Dataflow tracking with Dynamic Taint Analysis (DTA) is an important method in
systems security with many applications, including exploit analysis, guided
fuzzing, and side-channel information leak detection. However, DTA is
fundamentally limited by the Boolean nature of taint labels, which provide no
information about the significance of detected dataflows and lead to false
positives/negatives on complex real world programs.
We introduce proximal gradient analysis (PGA), a novel, theoretically
grounded approach that can track more accurate and fine-grained dataflow
information. PGA uses proximal gradients, a generalization of gradients for
non-differentiable functions, to precisely compose gradients over
non-differentiable operations in programs. Composing gradients over programs
eliminates many of the dataflow propagation errors that occur in DTA and
provides richer information about how each measured dataflow effects a program.

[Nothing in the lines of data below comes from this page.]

lemma markov_l2_contraction:
  fixes \<phi> :: "'a \<Rightarrow> real"
  assumes D: "finite D" and supp: "\<forall>s\<in>steps. \<forall>x. \<phi> (x + s) \<noteq> 0 \<longrightarrow> x \<in> D"
    and nonneg: "\<And>x. 0 \<le> \<phi> x"
  shows "(\<Sum>x\<in>D. (markov \<phi> x)\<^sup>2) \<le> spectral_bound * (\<Sum>x\<in>D. (\<phi> x)\<^sup>2)"
proof -
  define m where "m = real (card S1)"
  define N where "N = (\<Sum>x\<in>D. (\<phi> x)\<^sup>2)"
  define E where "E = (\<Sum>s\<in>S1. \<Sum>x\<in>D. (\<phi> (x + s) - \<phi> x)\<^sup>2)"
  define T where "T = (\<Sum>s\<in>steps. step_prob s * (\<Sum>x\<in>D. (\<phi> (x + s) - \<phi> x)\<^sup>2))"
  have "E / (2 * m) = (\<Sum>s\<in>S1. 1 / (2 * m) * (\<Sum>x\<in>D. (\<phi> (x + s) - \<phi> x)\<^sup>2))"
    unfolding E_def by (simp add: sum_divide_distrib)
  also have "\<dots> \<le> (\<Sum>s\<in>S1. step_prob s * (\<Sum>x\<in>D. (\<phi> (x + s) - \<phi> x)\<^sup>2))"
    unfolding m_def using step_prob_S1
    by (intro sum_mono mult_right_mono) (auto intro: sum_nonneg)
  also have "\<dots> \<le> T"
    unfolding T_def using finite_steps S1_subset_steps
    by (intro sum_mono2) (auto intro!: mult_nonneg_nonneg sum_nonneg step_prob_nonneg)
  finally have "E \<le> 2 * m * T" using card_S1_pos by (simp add: m_def divide_le_eq mult.commute)
  have "e\<^sup>2 * N \<le> 4 * m * E"
    using dirichlet_lower_bound[OF D supp nonneg] unfolding N_def E_def m_def .
  also have "\<dots> \<le> 4 * m * (2 * m * T)"
    using \<open>E \<le> 2 * m * T\<close> card_S1_pos by (simp add: m_def mult.commute mult.left_commute)
  finally have "e\<^sup>2 / (32 * m\<^sup>2) * N \<le> 1/4 * T"
    using card_S1_pos by (simp add: m_def field_simps power2_eq_square)
  then show ?thesis
    using sum_sq_markov_le[OF D supp] unfolding spectral_bound_def m_def N_def T_def
    by (simp add: algebra_simps)
qed

primrec walk :: "nat \<Rightarrow> 'a \<Rightarrow> real" where
  "walk 0 = (\<lambda>g. of_bool (g = 0))"
| "walk (Suc n) = markov (walk n)"

definition walk_support :: "nat \<Rightarrow> 'a set" where
  "walk_support n = {g. walk n g \<noteq> 0}"

definition walk_pred_support :: "nat \<Rightarrow> 'a set" where
  "walk_pred_support n = (\<lambda>(z, s). z + - s) ` (walk_support n \<times> steps)"

lemma walk_nonneg: "0 \<le> walk n g"
  by (induction n arbitrary: g) (auto intro: markov_nonneg)

lemma walk_support_0: "walk_support 0 = {0}"
  unfolding walk_support_def by auto

lemma walk_pred_support_covers:
  "\<forall>s\<in>steps. \<forall>x. walk n (x + s) \<noteq> 0 \<longrightarrow> x \<in> walk_pred_support n"
  unfolding walk_pred_support_def walk_support_def
  by (auto intro!: image_eqI[where x="(_ + _, _)"] simp: add.assoc)

lemma walk_support_subset_pred: "walk_support n \<subseteq> walk_pred_support n"
  using walk_pred_support_covers[of n] zero_in_steps unfolding walk_support_def by force

lemma walk_support_Suc_subset: "walk_support (Suc n) \<subseteq> walk_pred_support n"
proof
  fix g assume "g \<in> walk_support (Suc n)"
  then have "(\<Sum>s\<in>steps. step_prob s * walk n (g + s)) \<noteq> 0"
    unfolding walk_support_def by (simp add: markov_def)
  then obtain s where "s \<in> steps" "walk n (g + s) \<noteq> 0"
    using sum.not_neutral_contains_not_neutral by force
  then show "g \<in> walk_pred_support n" using walk_pred_support_covers by blast
qed

lemma finite_walk_support: "finite (walk_support n)"
  and card_walk_support: "card (walk_support n) \<le> card steps ^ n"
proof (induction n)
  case 0
  { case 1 show ?case by (simp add: walk_support_0) }
  { case 2 show ?case by (simp add: walk_support_0) }
next
  case (Suc n)
  have fin: "finite (walk_pred_support n)"
    unfolding walk_pred_support_def using Suc.IH(1) finite_steps by simp
  { case 1 show ?case using finite_subset[OF walk_support_Suc_subset fin] . }
  { case 2
    have "card (walk_support (Suc n)) \<le> card (walk_pred_support n)"
      using fin walk_support_Suc_subset by (rule card_mono)
    also have "\<dots> \<le> card (walk_support n \<times> steps)"
      unfolding walk_pred_support_def by (rule card_image_le) (use Suc.IH(1) finite_steps in simp)
    also have "\<dots> \<le> card steps ^ n * card steps"
      using Suc.IH(2) by (simp add: card_cartesian_product)
    finally show ?case by (simp add: mult.commute) }
qed

lemma finite_walk_pred_support: "finite (walk_pred_support n)"
  unfolding walk_pred_support_def using finite_walk_support finite_steps by simp

lemma sum_walk_pred_support:
  "(\<Sum>g\<in>walk_pred_support n. f (walk n g)) = (\<Sum>g\<in>walk_support n. f (walk n g))"
  if "f 0 = 0"
  using finite_walk_pred_support walk_support_subset_pred that
  by (intro sum.mono_neutral_right) (auto simp: walk_support_def)

lemma sum_walk: "(\<Sum>g\<in>walk_support n. walk n g) = 1"
proof (induction n)
  case 0
  then show ?case by (simp add: walk_support_0)
next
  case (Suc n)
  have "(\<Sum>g\<in>walk_support (Suc n). walk (Suc n) g) = (\<Sum>g\<in>walk_pred_support n. walk (Suc n) g)"
    using finite_walk_pred_support walk_support_Suc_subset
    by (intro sum.mono_neutral_left) (auto simp: walk_support_def)
  also have "\<dots> = (\<Sum>s\<in>steps. step_prob s * (\<Sum>g\<in>walk_pred_support n. walk n (g + s)))"
    by (simp add: markov_def sum_distrib_left) (rule sum.swap)
  also have "\<dots> = (\<Sum>s\<in>steps. step_prob s * (\<Sum>g\<in>walk_pred_support n. walk n g))"
    using walk_pred_support_covers[of n] walk_support_subset_pred[of n] zero_in_steps
    by (intro sum.cong refl arg_cong2[where f = "(*)"] sum_translate[OF finite_walk_pred_support])
      (fastforce simp: walk_support_def)+
  finally show ?case
    using Suc sum_walk_pred_support[of id n] sum_step_prob by (simp flip: sum_distrib_right)
qed

lemma sum_sq_walk: "(\<Sum>g\<in>walk_support n. (walk n g)\<^sup>2) \<le> spectral_bound ^ n"
proof (induction n)
  case 0
  then show ?case by (simp add: walk_support_0)
next
  case (Suc n)
  have "(\<Sum>g\<in>walk_support (Suc n). (walk (Suc n) g)\<^sup>2)
      = (\<Sum>g\<in>walk_pred_support n. (walk (Suc n) g)\<^sup>2)"
    using finite_walk_pred_support walk_support_Suc_subset
    by (intro sum.mono_neutral_left) (auto simp: walk_support_def)
  also have "\<dots> \<le> spectral_bound * (\<Sum>g\<in>walk_pred_support n. (walk n g)\<^sup>2)"
    unfolding walk.simps
    by (rule markov_l2_contraction[OF finite_walk_pred_support walk_pred_support_covers
          walk_nonneg])
  also have "\<dots> \<le> spectral_bound * spectral_bound ^ n"
    using Suc spectral_bound_nonneg sum_walk_pred_support[of "\<lambda>t. t\<^sup>2" n]
    by (intro mult_left_mono) auto
  finally show ?case by simp
qed

definition decay_rate :: real where
  "decay_rate = sqrt spectral_bound"

lemma decay_rate_nonneg: "0 \<le> decay_rate" and decay_rate_less_1: "decay_rate < 1"
  unfolding decay_rate_def using spectral_bound_nonneg spectral_bound_less_1 by auto

lemma smaller_rate:
  assumes "0 \<le> r" "r \<le> \<rho>" "\<rho> * decay_rate < 1"
  shows "r * decay_rate < 1"
  using assms decay_rate_nonneg mult_right_mono[of r \<rho> decay_rate] by linarith

lemma walk_le_decay: "walk n g \<le> decay_rate ^ n"
proof (rule power2_le_imp_le)
  have "(walk n g)\<^sup>2 \<le> (\<Sum>g\<in>walk_support n. (walk n g)\<^sup>2)"
    using finite_walk_support by (cases "g \<in> walk_support n")
      (auto intro: member_le_sum sum_nonneg simp: walk_support_def)
  also have "\<dots> \<le> (decay_rate\<^sup>2) ^ n"
    using sum_sq_walk spectral_bound_nonneg by (simp add: decay_rate_def)
  finally show "(walk n g)\<^sup>2 \<le> (decay_rate ^ n)\<^sup>2" by (simp add: power_mult[symmetric] mult.commute)
  show "0 \<le> decay_rate ^ n" using decay_rate_nonneg by simp
qed

lemma walk_Suc_left: "walk (Suc n) g = (\<Sum>s\<in>steps. step_prob s * walk n (- s + g))"
proof (induction n arbitrary: g)
  case 0
  have "(\<Sum>s\<in>steps. step_prob s * of_bool (g + s = 0))
      = (\<Sum>s\<in>steps. if s = - g then step_prob s else 0)"
    by (intro sum.cong refl) (auto simp: add_eq_0_iff2)
  also have "\<dots> = (\<Sum>s\<in>steps. if s = g then step_prob s else 0)"
    using finite_steps uminus_steps[of g] uminus_steps[of "- g"] step_prob_uminus[of g]
    by (simp add: sum.delta')
  also have "\<dots> = (\<Sum>s\<in>steps. step_prob s * of_bool (- s + g = 0))"
    by (intro sum.cong refl) (auto simp: add_eq_0_iff2)
  finally show ?case by (simp add: markov_def)
next
  case (Suc n)
  have "walk (Suc (Suc n)) g
      = (\<Sum>s\<in>steps. step_prob s * (\<Sum>t\<in>steps. step_prob t * walk n (- t + (g + s))))"
    using Suc by (simp add: markov_def)
  also have "\<dots> = (\<Sum>t\<in>steps. step_prob t * (\<Sum>s\<in>steps. step_prob s * walk n ((- t + g) + s)))"
    unfolding sum_distrib_left by (subst sum.swap) (simp add: add.assoc mult.left_commute)
  finally show ?case by (simp add: markov_def)
qed
lemma ext_integral_mix_measure:
  assumes s1: "sets \<pi>1 = sets (X \<Otimes>\<^sub>M Y)" and s2: "sets \<pi>2 = sets (X \<Otimes>\<^sub>M Y)"
    and t: "0 < t" "t < 1" and c: "c \<in> borel_measurable (X \<Otimes>\<^sub>M Y)"
    and wd: "integral_well_defined (mix_measure X Y t \<pi>1 \<pi>2) c"
  shows "integral_well_defined \<pi>1 c" and "integral_well_defined \<pi>2 c"
    and "ext_integral (mix_measure X Y t \<pi>1 \<pi>2) c
      = ereal t * ext_integral \<pi>1 c + ereal (1 - t) * ext_integral \<pi>2 c"
proof -
  have pos: "int_pos (mix_measure X Y t \<pi>1 \<pi>2) c
      = ennreal t * int_pos \<pi>1 c + ennreal (1 - t) * int_pos \<pi>2 c"
    and neg: "int_neg (mix_measure X Y t \<pi>1 \<pi>2) c
      = ennreal t * int_neg \<pi>1 c + ennreal (1 - t) * int_neg \<pi>2 c"
    unfolding int_pos_def int_neg_def using c by (simp_all add: nn_integral_mix_measure[OF s1 s2])
  have finite: "(int_pos \<pi>1 c \<noteq> \<top> \<and> int_pos \<pi>2 c \<noteq> \<top>) \<or> (int_neg \<pi>1 c \<noteq> \<top> \<and> int_neg \<pi>2 c \<noteq> \<top>)"
    using wd t unfolding integral_well_defined_def pos neg by (auto simp: ennreal_mult_eq_top_iff)
  then show "integral_well_defined \<pi>1 c" "integral_well_defined \<pi>2 c"
    using c s1 s2 by (auto simp: integral_well_defined_def cong: measurable_cong_sets)
  show "ext_integral (mix_measure X Y t \<pi>1 \<pi>2) c
      = ereal t * ext_integral \<pi>1 c + ereal (1 - t) * ext_integral \<pi>2 c"
    unfolding ext_integral_def pos neg enn2ereal_convex_combination[OF less_imp_le less_imp_le, OF t]
    using finite by (intro ereal_convex_combination_diff[OF t]) auto
qed
(* Let $n>1$ and $P(x)=a_nx^n+a_{n-1}x^{n-1}+\cdots+a_1x$ with integer coefficients $a_i\ge 0$, $a_n\neq 0$, and $\gcd(a_n,\dots,a_1)=1$. Let $(a,b)\in\mathbb{N}^2$. If $\gcd_P(a,b)=1$, then $(a,b)$ is $\mathcal{F}(a_n,\dots,a_1)$-visible.
   Context: $\mathbb{N}$ denotes the positive integers. For $(a,b)\in\mathbb{N}^2$, $\gcd_P(a,b)=\max\{d\in\mathbb{N}: d\mid P(a),\ d\mid b\}$. The family $\mathcal{F}(a_n,\dots,a_1)=\{y=q(a_nx^n+\cdots+a_1x): q\in\mathbb{Q}^+\}$. A point $(r,s)\in\mathbb{N}^2$ is $\mathcal{F}(a_n,\dots,a_1)$-visible if there is $q\in\mathbb{Q}^+$ with $s=q(a_nr^n+\cdots+a_1r)$ and no other point of $\mathbb{N}^2$ lies on the curve $y=q(a_nx^n+\cdots+a_1x)$ between the origin and $(r,s)$. *)

theory Defs
  imports "HOL-Computational_Algebra.Computational_Algebra"
begin

definition gcdP :: "int poly \<Rightarrow> nat \<Rightarrow> nat \<Rightarrow> nat" where
  "gcdP P a b = Max {d::nat. d > 0 \<and> int d dvd poly P (int a) \<and> d dvd b}"

text \<open>(r,s) in N^2 is F(P)-visible: some curve y = q P(x), q positive rational, passes
  through (r,s) and no other point of N^2 lies on it strictly between the origin and (r,s),
  i.e. with first coordinate 0 < x < r.\<close>
definition F_visible :: "int poly \<Rightarrow> nat \<Rightarrow> nat \<Rightarrow> bool" where
  "F_visible P r s \<longleftrightarrow> r > 0 \<and> s > 0 \<and>
     (\<exists>q::rat. q > 0 \<and> of_nat s = q * of_int (poly P (int r)) \<and>
        \<not> (\<exists>x y::nat. 0 < x \<and> x < r \<and> 0 < y \<and> of_nat y = q * of_int (poly P (int x))))"

end

theory Submission
  imports Defs
begin

text \<open>Since the coefficients are nonnegative and the degree is positive, \<open>P\<close> is strictly
  increasing on the nonnegative integers, so \<open>0 < x < a\<close> gives \<open>P(x) < P(a)\<close>. A lattice point
  \<open>(x, y)\<close> on the curve through \<open>(a, b)\<close> satisfies \<open>y P(a) = b P(x)\<close>; as \<open>gcd\<^sub>P(a,b) = 1\<close> means
  that \<open>P(a)\<close> and \<open>b\<close> are coprime, \<open>P(a)\<close> divides the smaller positive number \<open>P(x)\<close>, which
  is impossible.\<close>

lemma poly_strict_mono_nonneg_coeffs:
  fixes p :: "'a::linordered_idom poly"
  assumes nonneg: "\<forall>i. coeff p i \<ge> 0" and deg: "degree p > 0"
    and "0 \<le> x" and "x < y"
  shows "poly p x < poly p y"
proof -
  have lead_pos: "lead_coeff p > 0"
    using nonneg deg by (metis leading_coeff_0_iff order_le_less degree_0 less_irrefl)
  have "coeff p i * x ^ i \<le> coeff p i * y ^ i" for i
    using nonneg assms(3,4) by (intro mult_left_mono power_mono) auto
  moreover have "coeff p (degree p) * x ^ degree p < coeff p (degree p) * y ^ degree p"
    using lead_pos deg assms(3,4) by (intro mult_strict_left_mono power_strict_mono) auto
  ultimately have "(\<Sum>i\<le>degree p. coeff p i * x ^ i) < (\<Sum>i\<le>degree p. coeff p i * y ^ i)"
    by (intro sum_strict_mono_ex1) auto
  then show ?thesis
    by (simp add: poly_altdef)
qed

lemma gcdP_eq_gcd:
  assumes "b > 0"
  shows "gcdP P a b = nat (gcd (poly P (int a)) (int b))"
  unfolding gcdP_def
proof (rule Max_eqI)
  show "finite {d. 0 < d \<and> int d dvd poly P (int a) \<and> d dvd b}"
    by (rule finite_subset[of _ "{..b}"]) (use assms in \<open>auto dest: dvd_imp_le\<close>)
  show "d \<le> nat (gcd (poly P (int a)) (int b))"
    if "d \<in> {d. 0 < d \<and> int d dvd poly P (int a) \<and> d dvd b}" for d
  proof -
    have "int d dvd gcd (poly P (int a)) (int b)"
      using that by simp
    then have "int d \<le> gcd (poly P (int a)) (int b)"
      by (rule zdvd_imp_le) (use assms in simp)
    then show ?thesis
      by simp
  qed
  show "nat (gcd (poly P (int a)) (int b)) \<in> {d. 0 < d \<and> int d dvd poly P (int a) \<and> d dvd b}"
    using assms by (simp add: nat_dvd_iff)
qed

lemma F_visible_if_coprime_and_below:
  assumes "a > 0" and "b > 0" and "poly P (int a) > 0"
    and coprime: "coprime (poly P (int a)) (int b)"
    and below: "\<forall>x. 0 < x \<and> x < a \<longrightarrow> poly P (int x) < poly P (int a)"
  shows "F_visible P a b"
proof -
  define q :: rat where "q = of_nat b / of_int (poly P (int a))"
  have "q > 0" and on_curve_ab: "of_nat b = q * of_int (poly P (int a))"
    unfolding q_def using assms(2,3) by simp_all
  have no_point_before: "of_nat y \<noteq> q * of_int (poly P (int x))"
    if "0 < x" "x < a" "0 < y" for x y :: nat
  proof
    assume on_curve: "of_nat y = q * of_int (poly P (int x))"
    then have "of_int (int y * poly P (int a)) = (of_int (int b * poly P (int x)) :: rat)"
      using assms(3) unfolding q_def by (simp add: field_simps)
    then have cross: "int y * poly P (int a) = int b * poly P (int x)"
      by (simp only: of_int_eq_iff)
    have "poly P (int x) > 0"
    proof (rule ccontr)
      assume "\<not> poly P (int x) > 0"
      then have "q * of_int (poly P (int x)) \<le> 0"
        using \<open>q > 0\<close> by (simp add: mult_nonneg_nonpos)
      then show False
        using on_curve \<open>0 < y\<close> by simp
    qed
    moreover have "poly P (int a) dvd poly P (int x)"
      using cross coprime by (metis dvd_triv_right coprime_dvd_mult_right_iff)
    ultimately have "poly P (int a) \<le> poly P (int x)"
      by (rule zdvd_imp_le[rotated])
    with below that show False
      by force
  qed
  show ?thesis
    unfolding F_visible_def using assms(1,2) \<open>q > 0\<close> on_curve_ab no_point_before by blast
qed

theorem lemma3p2:
  fixes P :: "int poly" and a b :: nat
  assumes "degree P > 1"
    and "coeff P 0 = 0"
    and "\<forall>i. coeff P i \<ge> 0"
    and "content P = 1"
    and "a > 0" and "b > 0"
    and "gcdP P a b = 1"
  shows "F_visible P a b"
proof (rule F_visible_if_coprime_and_below)
  have increasing: "poly P x < poly P y" if "0 \<le> x" "x < y" for x y
    using poly_strict_mono_nonneg_coeffs[OF assms(3)] assms(1) that by simp
  show "poly P (int a) > 0"
    using increasing[of 0 "int a"] assms(2,5) by (simp add: poly_0_coeff_0)
  show "coprime (poly P (int a)) (int b)"
    using assms(6,7) by (simp add: gcdP_eq_gcd coprime_iff_gcd_eq_1)
  show "\<forall>x. 0 < x \<and> x < a \<longrightarrow> poly P (int x) < poly P (int a)"
    using increasing by simp
qed (use assms(5,6) in simp_all)

end
theorem proposition4p3:
  fixes G :: "('a, 'b) monoid_scheme" and S :: "'a set" and p :: "nat \<Rightarrow> real"
  assumes "group G"
    and "infinite (carrier G)"
    and "residually_finite G"
    and "finite S" and "S \<subseteq> carrier G"
    and "\<And>s. s \<in> S \<Longrightarrow> inv\<^bsub>G\<^esub> s \<in> S"
    and "generate G S = carrier G"
    and "\<And>k. k \<ge> 2 \<Longrightarrow> p k > 0"
    and "summable (\<lambda>k. p (k + 2))"
    and "\<And>n k. n \<ge> 1 \<Longrightarrow> k \<ge> 2 \<Longrightarrow>
           measure_pmf.prob (lazy_walk G S n) (Lambda G k - {\<one>\<^bsub>G\<^esub>}) \<le> p k"
  shows "summable (\<lambda>k. 1 / real (card (rcosets\<^bsub>G\<^esub> (Lambda G (k + 2)))))
    \<and> (\<lambda>n. measure_pmf.expectation (lazy_walk G S n) (\<lambda>x. real (depth G x)))
        \<longlonglongrightarrow> 2 + suminf (\<lambda>k. 1 / real (card (rcosets\<^bsub>G\<^esub> (Lambda G (k + 2)))))"
proof -
  interpret group G by fact
  have "S \<noteq> {}"
  proof
    assume "S = {}"
    then have "carrier G = {\<one>\<^bsub>G\<^esub>}" using assms(7) generate_empty by simp
    then show False using assms(2) by simp
  qed
  then interpret lazy_walk_setting G S by unfold_locales (use assms in auto)
  define a where "a k n = walk_prob n (Lambda G (k + 2) - {\<one>\<^bsub>G\<^esub>})" for k n
  define b where "b k = 1 / real (card (rcosets\<^bsub>G\<^esub> (Lambda G (k + 2))))" for k
  have lim: "(\<lambda>n. a k n) \<longlonglongrightarrow> b k" for k
    unfolding a_def b_def using walk_prob_Lambda_diff_one_tendsto[OF assms(3,2)] by simp
  have bound: "\<forall>\<^sub>F (k, n) in sequentially \<times>\<^sub>F sequentially. norm (a k n) \<le> p (k + 2)"
    unfolding eventually_prod_sequentially a_def using assms(10) by (intro exI[of _ 1]) auto
  have norm_b: "summable (\<lambda>k. norm (b k))"
    and tannery: "(\<lambda>n. suminf (\<lambda>k. a k n)) \<longlonglongrightarrow> suminf b"
    using tannerys_theorem[OF lim bound assms(9)] by simp_all
  from norm_b have "summable b" by (rule summable_norm_cancel)
  moreover have "(\<lambda>n. 2 * walk_prob n (carrier G - {\<one>\<^bsub>G\<^esub>}) + suminf (\<lambda>k. a k n))
      \<longlonglongrightarrow> 2 * 1 + suminf b"
    using walk_prob_ne_one_tendsto[OF assms(3,2)] tannery by (intro tendsto_intros)
  ultimately show ?thesis using expectation_depth_eq[OF assms(3)] unfolding a_def b_def by simp
qed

We compare our prototype PGA implementation to three state of the art DTA
implementations on 7 real-world programs. Our results show that PGA can improve
the F1 accuracy of data flow tracking by up to 33% over taint tracking (20% on
average) without introducing any significant overhead (<5% on average). We
further demonstrate the effectiveness of PGA by discovering 22 bugs (20
confirmed by developers) and 2 side-channel leaks, and identifying exploitable
dataflows in 19 existing CVEs in the tested programs.